Down to the last character, write out the records below.
[DATA RECORDS Boundary: Start]
lemma explicit_rate_le:
  fixes K c D L \<zeta> \<mu> \<delta> :: real
  assumes K: "3 \<le> K" and \<delta>: "0 \<le> \<delta>" "\<delta> \<le> 2 * c * sqrt (ln K) / K\<^sup>2"
    and "0 < c" "0 \<le> D" "0 \<le> L" "0 \<le> \<zeta>" "0 < \<mu>"
  shows "\<mu> * D * ((K - 1) * \<delta> + (D + 3/2 * (K * \<delta>)) / sqrt K) + (L * D + \<zeta>) * \<delta>
    \<le> (2 * (D * (c * L + \<mu> * sqrt c * sqrt (2 * D + \<zeta> / \<mu> + c)) + c * \<zeta>) * ln K + \<mu> * D\<^sup>2) / sqrt K"
proof -
  define r where "r = sqrt c * sqrt (2 * D + \<zeta> / \<mu> + c)"
  have "c = sqrt c * sqrt c"
    using \<open>0 < c\<close> by simp
  also have "\<dots> \<le> r"
    unfolding r_def using assms by (intro mult_left_mono real_sqrt_le_mono) auto
  finally have "2 * c * ln K / sqrt K \<le> 2 * r * ln K / sqrt K"
    using one_le_ln[OF K] K by (intro divide_right_mono mult_right_mono mult_left_mono) auto
  then have "\<mu> * D * ((K - 1) * \<delta> + 3/2 * (K * \<delta>) / sqrt K) \<le> \<mu> * D * (2 * r * ln K / sqrt K)"
    using error_terms_le_ln_div_sqrt(1)[OF K \<delta> \<open>0 < c\<close>] assms by (intro mult_left_mono) auto
  moreover have "(L * D + \<zeta>) * \<delta> \<le> (L * D + \<zeta>) * (2 * c * ln K / sqrt K)"
    using error_terms_le_ln_div_sqrt(2)[OF K \<delta> \<open>0 < c\<close>] assms by (intro mult_left_mono) auto
  moreover have "\<mu> * D * ((K - 1) * \<delta> + (D + 3/2 * (K * \<delta>)) / sqrt K)
      = \<mu> * D\<^sup>2 / sqrt K + \<mu> * D * ((K - 1) * \<delta> + 3/2 * (K * \<delta>) / sqrt K)"
    by (simp add: add_divide_distrib algebra_simps power2_eq_square)
  moreover have "\<mu> * D\<^sup>2 / sqrt K + \<mu> * D * (2 * r * ln K / sqrt K) + (L * D + \<zeta>) * (2 * c * ln K / sqrt K)
      = (2 * (D * (c * L + \<mu> * r) + c * \<zeta>) * ln K + \<mu> * D\<^sup>2) / sqrt K"
    by (simp add: add_divide_distrib algebra_simps)
  ultimately show ?thesis
    unfolding r_def by (simp add: mult.assoc)
qed

lemma integral_le_of_nonneg_integrable_bound:
  fixes f g :: "'a \<Rightarrow> real"
  assumes "integrable M g" "\<And>x. x \<in> space M \<Longrightarrow> f x \<le> g x" "\<And>x. x \<in> space M \<Longrightarrow> 0 \<le> g x"
  shows "(\<integral>x. f x \<partial>M) \<le> (\<integral>x. g x \<partial>M)"
  using assms
  by (cases "integrable M f") (auto intro: integral_mono integral_nonneg_AE simp: not_integrable_integral_eq)

lemma (in prob_space) integral_le_of_cond_exp_power2_le:
  fixes f :: "'a \<Rightarrow> real"
  assumes "subalgebra M F" and f: "f \<in> borel_measurable M" "\<And>x. x \<in> space M \<Longrightarrow> \<bar>f x\<bar> \<le> B"
    and cond: "AE x in M. real_cond_exp M F (\<lambda>y. (f y)\<^sup>2) x \<le> \<delta>\<^sup>2" and "0 < \<delta>"
  shows "(\<integral>x. f x \<partial>M) \<le> \<delta>"
proof -
  interpret finite_measure_subalgebra M F
    by unfold_locales (rule assms(1))
  have int_f: "integrable M f"
    using f by (intro integrable_const_bound[where B = B]) auto
  have int_f2: "integrable M (\<lambda>x. (f x)\<^sup>2)"
    using f by (intro integrable_const_bound[where B = "B\<^sup>2"])
      (auto simp: abs_le_square_iff[symmetric] intro: order_trans[OF _ abs_ge_self])
  have "(\<integral>x. (f x)\<^sup>2 \<partial>M) = (\<integral>x. real_cond_exp M F (\<lambda>y. (f y)\<^sup>2) x \<partial>M)"
    using real_cond_exp_int(2)[OF int_f2] by simp
  also have "\<dots> \<le> \<delta>\<^sup>2"
    using integral_mono_AE[OF real_cond_exp_int(1)[OF int_f2] _ cond] by (simp add: prob_space)
  finally have sq: "(\<integral>x. (f x)\<^sup>2 \<partial>M) \<le> \<delta>\<^sup>2" .
  \<comment> \<open>AM-GM: \<open>f \<le> f\<^sup>2 / (2 \<delta>) + \<delta> / 2\<close>\<close>
  have "(\<integral>x. f x \<partial>M) \<le> (\<integral>x. (f x)\<^sup>2 / (2 * \<delta>) + \<delta> / 2 \<partial>M)"
  proof (rule integral_mono[OF int_f])
    show "integrable M (\<lambda>x. (f x)\<^sup>2 / (2 * \<delta>) + \<delta> / 2)"
      using int_f2 by simp
    show "f x \<le> (f x)\<^sup>2 / (2 * \<delta>) + \<delta> / 2" for x
      using \<open>0 < \<delta>\<close> sum_squares_bound[of "f x" \<delta>] by (simp add: field_simps power2_eq_square)
  qed
  also have "\<dots> = (\<integral>x. (f x)\<^sup>2 \<partial>M) / (2 * \<delta>) + \<delta> / 2"
    using int_f2 by (simp add: prob_space)
  also have "\<dots> \<le> \<delta>"
    using sq \<open>0 < \<delta>\<close> by (simp add: field_simps power2_eq_square)
  finally show ?thesis .
qed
[DATA RECORDS Boundary: End]
▶ PROBLEM SOLUTION
lemma explicit_rate_le:
  fixes K c D L \<zeta> \<mu> \<delta> :: real
  assumes K: "3 \<le> K" and \<delta>: "0 \<le> \<delta>" "\<delta> \<le> 2 * c * sqrt (ln K) / K\<^sup>2"
    and "0 < c" "0 \<le> D" "0 \<le> L" "0 \<le> \<zeta>" "0 < \<mu>"
  shows "\<mu> * D * ((K - 1) * \<delta> + (D + 3/2 * (K * \<delta>)) / sqrt K) + (L * D + \<zeta>) * \<delta>
    \<le> (2 * (D * (c * L + \<mu> * sqrt c * sqrt (2 * D + \<zeta> / \<mu> + c)) + c * \<zeta>) * ln K + \<mu> * D\<^sup>2) / sqrt K"
proof -
  define r where "r = sqrt c * sqrt (2 * D + \<zeta> / \<mu> + c)"
  have "c = sqrt c * sqrt c"
    using \<open>0 < c\<close> by simp
  also have "\<dots> \<le> r"
    unfolding r_def using assms by (intro mult_left_mono real_sqrt_le_mono) auto
  finally have "2 * c * ln K / sqrt K \<le> 2 * r * ln K / sqrt K"
    using one_le_ln[OF K] K by (intro divide_right_mono mult_right_mono mult_left_mono) auto
  then have "\<mu> * D * ((K - 1) * \<delta> + 3/2 * (K * \<delta>) / sqrt K) \<le> \<mu> * D * (2 * r * ln K / sqrt K)"
    using error_terms_le_ln_div_sqrt(1)[OF K \<delta> \<open>0 < c\<close>] assms by (intro mult_left_mono) auto
  moreover have "(L * D + \<zeta>) * \<delta> \<le> (L * D + \<zeta>) * (2 * c * ln K / sqrt K)"
    using error_terms_le_ln_div_sqrt(2)[OF K \<delta> \<open>0 < c\<close>] assms by (intro mult_left_mono) auto
  moreover have "\<mu> * D * ((K - 1) * \<delta> + (D + 3/2 * (K * \<delta>)) / sqrt K)
      = \<mu> * D\<^sup>2 / sqrt K + \<mu> * D * ((K - 1) * \<delta> + 3/2 * (K * \<delta>) / sqrt K)"
    by (simp add: add_divide_distrib algebra_simps power2_eq_square)
  moreover have "\<mu> * D\<^sup>2 / sqrt K + \<mu> * D * (2 * r * ln K / sqrt K) + (L * D + \<zeta>) * (2 * c * ln K / sqrt K)
      = (2 * (D * (c * L + \<mu> * r) + c * \<zeta>) * ln K + \<mu> * D\<^sup>2) / sqrt K"
    by (simp add: add_divide_distrib algebra_simps)
  ultimately show ?thesis
    unfolding r_def by (simp add: mult.assoc)
qed

lemma integral_le_of_nonneg_integrable_bound:
  fixes f g :: "'a \<Rightarrow> real"
  assumes "integrable M g" "\<And>x. x \<in> space M \<Longrightarrow> f x \<le> g x" "\<And>x. x \<in> space M \<Longrightarrow> 0 \<le> g x"
  shows "(\<integral>x. f x \<partial>M) \<le> (\<integral>x. g x \<partial>M)"
  using assms
  by (cases "integrable M f") (auto intro: integral_mono integral_nonneg_AE simp: not_integrable_integral_eq)

lemma (in prob_space) integral_le_of_cond_exp_power2_le:
  fixes f :: "'a \<Rightarrow> real"
  assumes "subalgebra M F" and f: "f \<in> borel_measurable M" "\<And>x. x \<in> space M \<Longrightarrow> \<bar>f x\<bar> \<le> B"
    and cond: "AE x in M. real_cond_exp M F (\<lambda>y. (f y)\<^sup>2) x \<le> \<delta>\<^sup>2" and "0 < \<delta>"
  shows "(\<integral>x. f x \<partial>M) \<le> \<delta>"
proof -
  interpret finite_measure_subalgebra M F
    by unfold_locales (rule assms(1))
  have int_f: "integrable M f"
    using f by (intro integrable_const_bound[where B = B]) auto
  have int_f2: "integrable M (\<lambda>x. (f x)\<^sup>2)"
    using f by (intro integrable_const_bound[where B = "B\<^sup>2"])
      (auto simp: abs_le_square_iff[symmetric] intro: order_trans[OF _ abs_ge_self])
  have "(\<integral>x. (f x)\<^sup>2 \<partial>M) = (\<integral>x. real_cond_exp M F (\<lambda>y. (f y)\<^sup>2) x \<partial>M)"
    using real_cond_exp_int(2)[OF int_f2] by simp
  also have "\<dots> \<le> \<delta>\<^sup>2"
    using integral_mono_AE[OF real_cond_exp_int(1)[OF int_f2] _ cond] by (simp add: prob_space)
  finally have sq: "(\<integral>x. (f x)\<^sup>2 \<partial>M) \<le> \<delta>\<^sup>2" .
  \<comment> \<open>AM-GM: \<open>f \<le> f\<^sup>2 / (2 \<delta>) + \<delta> / 2\<close>\<close>
  have "(\<integral>x. f x \<partial>M) \<le> (\<integral>x. (f x)\<^sup>2 / (2 * \<delta>) + \<delta> / 2 \<partial>M)"
  proof (rule integral_mono[OF int_f])
    show "integrable M (\<lambda>x. (f x)\<^sup>2 / (2 * \<delta>) + \<delta> / 2)"
      using int_f2 by simp
    show "f x \<le> (f x)\<^sup>2 / (2 * \<delta>) + \<delta> / 2" for x
      using \<open>0 < \<delta>\<close> sum_squares_bound[of "f x" \<delta>] by (simp add: field_simps power2_eq_square)
  qed
  also have "\<dots> = (\<integral>x. (f x)\<^sup>2 \<partial>M) / (2 * \<delta>) + \<delta> / 2"
    using int_f2 by (simp add: prob_space)
  also have "\<dots> \<le> \<delta>"
    using sq \<open>0 < \<delta>\<close> by (simp add: field_simps power2_eq_square)
  finally show ?thesis .
qed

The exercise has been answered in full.